Work to be completed —
Every entry is to be set down a second time, precisely as written.

(Stored entries)
_ _ _

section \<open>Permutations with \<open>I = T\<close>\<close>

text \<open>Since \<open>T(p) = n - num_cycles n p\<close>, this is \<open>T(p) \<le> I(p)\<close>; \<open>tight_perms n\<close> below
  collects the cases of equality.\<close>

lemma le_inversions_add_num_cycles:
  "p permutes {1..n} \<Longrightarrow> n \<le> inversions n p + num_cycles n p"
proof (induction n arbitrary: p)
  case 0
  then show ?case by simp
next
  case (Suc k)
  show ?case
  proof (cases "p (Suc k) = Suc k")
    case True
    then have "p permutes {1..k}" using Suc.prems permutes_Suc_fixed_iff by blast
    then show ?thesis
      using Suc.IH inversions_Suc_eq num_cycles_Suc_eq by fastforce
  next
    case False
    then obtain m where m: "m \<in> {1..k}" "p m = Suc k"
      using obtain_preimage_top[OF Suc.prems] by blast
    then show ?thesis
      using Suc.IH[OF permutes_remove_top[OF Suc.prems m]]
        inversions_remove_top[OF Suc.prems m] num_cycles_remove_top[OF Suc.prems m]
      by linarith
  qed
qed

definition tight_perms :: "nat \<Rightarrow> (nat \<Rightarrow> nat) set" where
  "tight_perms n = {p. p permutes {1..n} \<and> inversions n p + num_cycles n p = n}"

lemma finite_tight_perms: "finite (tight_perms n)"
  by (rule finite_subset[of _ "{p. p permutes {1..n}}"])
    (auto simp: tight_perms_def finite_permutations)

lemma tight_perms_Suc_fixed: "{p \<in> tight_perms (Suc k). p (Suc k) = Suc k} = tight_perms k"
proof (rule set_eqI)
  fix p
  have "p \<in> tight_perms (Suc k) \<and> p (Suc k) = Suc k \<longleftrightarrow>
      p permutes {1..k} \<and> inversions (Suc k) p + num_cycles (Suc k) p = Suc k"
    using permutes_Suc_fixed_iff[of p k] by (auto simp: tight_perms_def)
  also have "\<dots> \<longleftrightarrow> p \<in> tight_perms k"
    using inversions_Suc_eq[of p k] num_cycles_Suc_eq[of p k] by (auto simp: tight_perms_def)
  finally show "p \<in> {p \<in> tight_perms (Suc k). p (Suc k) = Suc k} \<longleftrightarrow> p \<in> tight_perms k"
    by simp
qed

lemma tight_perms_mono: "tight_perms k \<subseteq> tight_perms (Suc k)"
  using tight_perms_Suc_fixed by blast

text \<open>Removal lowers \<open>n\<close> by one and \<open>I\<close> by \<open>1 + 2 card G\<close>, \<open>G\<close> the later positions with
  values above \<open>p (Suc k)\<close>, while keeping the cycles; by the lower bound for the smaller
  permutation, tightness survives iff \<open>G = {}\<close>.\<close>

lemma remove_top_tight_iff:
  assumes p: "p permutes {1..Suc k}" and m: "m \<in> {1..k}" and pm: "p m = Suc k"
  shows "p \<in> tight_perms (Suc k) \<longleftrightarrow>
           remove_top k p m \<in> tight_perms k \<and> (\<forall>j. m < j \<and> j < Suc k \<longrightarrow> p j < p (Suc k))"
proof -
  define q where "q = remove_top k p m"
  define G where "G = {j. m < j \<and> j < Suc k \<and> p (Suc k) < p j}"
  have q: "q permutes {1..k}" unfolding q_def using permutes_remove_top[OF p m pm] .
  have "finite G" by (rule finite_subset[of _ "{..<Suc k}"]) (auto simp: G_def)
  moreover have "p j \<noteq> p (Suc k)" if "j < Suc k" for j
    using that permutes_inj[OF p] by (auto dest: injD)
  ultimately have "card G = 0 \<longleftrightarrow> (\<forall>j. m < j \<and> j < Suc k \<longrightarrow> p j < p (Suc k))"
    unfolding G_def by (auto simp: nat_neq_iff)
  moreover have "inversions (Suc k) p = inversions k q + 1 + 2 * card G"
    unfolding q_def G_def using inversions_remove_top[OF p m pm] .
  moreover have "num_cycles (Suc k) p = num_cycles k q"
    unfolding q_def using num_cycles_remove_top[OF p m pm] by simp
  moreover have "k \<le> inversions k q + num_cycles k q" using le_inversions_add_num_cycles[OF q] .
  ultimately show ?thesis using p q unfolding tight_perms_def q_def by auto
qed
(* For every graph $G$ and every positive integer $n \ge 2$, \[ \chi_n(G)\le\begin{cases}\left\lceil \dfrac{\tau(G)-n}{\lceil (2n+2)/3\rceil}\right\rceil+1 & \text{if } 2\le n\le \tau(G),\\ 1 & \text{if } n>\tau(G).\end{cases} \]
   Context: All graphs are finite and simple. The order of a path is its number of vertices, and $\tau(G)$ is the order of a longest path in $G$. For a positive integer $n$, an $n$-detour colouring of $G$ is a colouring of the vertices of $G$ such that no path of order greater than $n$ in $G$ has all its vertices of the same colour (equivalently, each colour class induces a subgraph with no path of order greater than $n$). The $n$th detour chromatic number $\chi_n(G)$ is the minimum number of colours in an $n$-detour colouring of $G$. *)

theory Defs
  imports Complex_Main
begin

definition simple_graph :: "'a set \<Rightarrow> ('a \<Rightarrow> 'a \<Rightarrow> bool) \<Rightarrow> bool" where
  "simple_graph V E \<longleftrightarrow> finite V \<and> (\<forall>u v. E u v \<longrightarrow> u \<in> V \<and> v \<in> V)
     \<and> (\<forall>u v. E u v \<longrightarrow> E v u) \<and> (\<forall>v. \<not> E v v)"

_ _ _

Written answer —
section \<open>Permutations with \<open>I = T\<close>\<close>

text \<open>Since \<open>T(p) = n - num_cycles n p\<close>, this is \<open>T(p) \<le> I(p)\<close>; \<open>tight_perms n\<close> below
  collects the cases of equality.\<close>

lemma le_inversions_add_num_cycles:
  "p permutes {1..n} \<Longrightarrow> n \<le> inversions n p + num_cycles n p"
proof (induction n arbitrary: p)
  case 0
  then show ?case by simp
next
  case (Suc k)
  show ?case
  proof (cases "p (Suc k) = Suc k")
    case True
    then have "p permutes {1..k}" using Suc.prems permutes_Suc_fixed_iff by blast
    then show ?thesis
      using Suc.IH inversions_Suc_eq num_cycles_Suc_eq by fastforce
  next
    case False
    then obtain m where m: "m \<in> {1..k}" "p m = Suc k"
      using obtain_preimage_top[OF Suc.prems] by blast
    then show ?thesis
      using Suc.IH[OF permutes_remove_top[OF Suc.prems m]]
        inversions_remove_top[OF Suc.prems m] num_cycles_remove_top[OF Suc.prems m]
      by linarith
  qed
qed

definition tight_perms :: "nat \<Rightarrow> (nat \<Rightarrow> nat) set" where
  "tight_perms n = {p. p permutes {1..n} \<and> inversions n p + num_cycles n p = n}"

lemma finite_tight_perms: "finite (tight_perms n)"
  by (rule finite_subset[of _ "{p. p permutes {1..n}}"])
    (auto simp: tight_perms_def finite_permutations)

lemma tight_perms_Suc_fixed: "{p \<in> tight_perms (Suc k). p (Suc k) = Suc k} = tight_perms k"
proof (rule set_eqI)
  fix p
  have "p \<in> tight_perms (Suc k) \<and> p (Suc k) = Suc k \<longleftrightarrow>
      p permutes {1..k} \<and> inversions (Suc k) p + num_cycles (Suc k) p = Suc k"
    using permutes_Suc_fixed_iff[of p k] by (auto simp: tight_perms_def)
  also have "\<dots> \<longleftrightarrow> p \<in> tight_perms k"
    using inversions_Suc_eq[of p k] num_cycles_Suc_eq[of p k] by (auto simp: tight_perms_def)
  finally show "p \<in> {p \<in> tight_perms (Suc k). p (Suc k) = Suc k} \<longleftrightarrow> p \<in> tight_perms k"
    by simp
qed

lemma tight_perms_mono: "tight_perms k \<subseteq> tight_perms (Suc k)"
  using tight_perms_Suc_fixed by blast

text \<open>Removal lowers \<open>n\<close> by one and \<open>I\<close> by \<open>1 + 2 card G\<close>, \<open>G\<close> the later positions with
  values above \<open>p (Suc k)\<close>, while keeping the cycles; by the lower bound for the smaller
  permutation, tightness survives iff \<open>G = {}\<close>.\<close>

lemma remove_top_tight_iff:
  assumes p: "p permutes {1..Suc k}" and m: "m \<in> {1..k}" and pm: "p m = Suc k"
  shows "p \<in> tight_perms (Suc k) \<longleftrightarrow>
           remove_top k p m \<in> tight_perms k \<and> (\<forall>j. m < j \<and> j < Suc k \<longrightarrow> p j < p (Suc k))"
proof -
  define q where "q = remove_top k p m"
  define G where "G = {j. m < j \<and> j < Suc k \<and> p (Suc k) < p j}"
  have q: "q permutes {1..k}" unfolding q_def using permutes_remove_top[OF p m pm] .
  have "finite G" by (rule finite_subset[of _ "{..<Suc k}"]) (auto simp: G_def)
  moreover have "p j \<noteq> p (Suc k)" if "j < Suc k" for j
    using that permutes_inj[OF p] by (auto dest: injD)
  ultimately have "card G = 0 \<longleftrightarrow> (\<forall>j. m < j \<and> j < Suc k \<longrightarrow> p j < p (Suc k))"
    unfolding G_def by (auto simp: nat_neq_iff)
  moreover have "inversions (Suc k) p = inversions k q + 1 + 2 * card G"
    unfolding q_def G_def using inversions_remove_top[OF p m pm] .
  moreover have "num_cycles (Suc k) p = num_cycles k q"
    unfolding q_def using num_cycles_remove_top[OF p m pm] by simp
  moreover have "k \<le> inversions k q + num_cycles k q" using le_inversions_add_num_cycles[OF q] .
  ultimately show ?thesis using p q unfolding tight_perms_def q_def by auto
qed
(* For every graph $G$ and every positive integer $n \ge 2$, \[ \chi_n(G)\le\begin{cases}\left\lceil \dfrac{\tau(G)-n}{\lceil (2n+2)/3\rceil}\right\rceil+1 & \text{if } 2\le n\le \tau(G),\\ 1 & \text{if } n>\tau(G).\end{cases} \]
   Context: All graphs are finite and simple. The order of a path is its number of vertices, and $\tau(G)$ is the order of a longest path in $G$. For a positive integer $n$, an $n$-detour colouring of $G$ is a colouring of the vertices of $G$ such that no path of order greater than $n$ in $G$ has all its vertices of the same colour (equivalently, each colour class induces a subgraph with no path of order greater than $n$). The $n$th detour chromatic number $\chi_n(G)$ is the minimum number of colours in an $n$-detour colouring of $G$. *)

theory Defs
  imports Complex_Main
begin

definition simple_graph :: "'a set \<Rightarrow> ('a \<Rightarrow> 'a \<Rightarrow> bool) \<Rightarrow> bool" where
  "simple_graph V E \<longleftrightarrow> finite V \<and> (\<forall>u v. E u v \<longrightarrow> u \<in> V \<and> v \<in> V)
     \<and> (\<forall>u v. E u v \<longrightarrow> E v u) \<and> (\<forall>v. \<not> E v v)"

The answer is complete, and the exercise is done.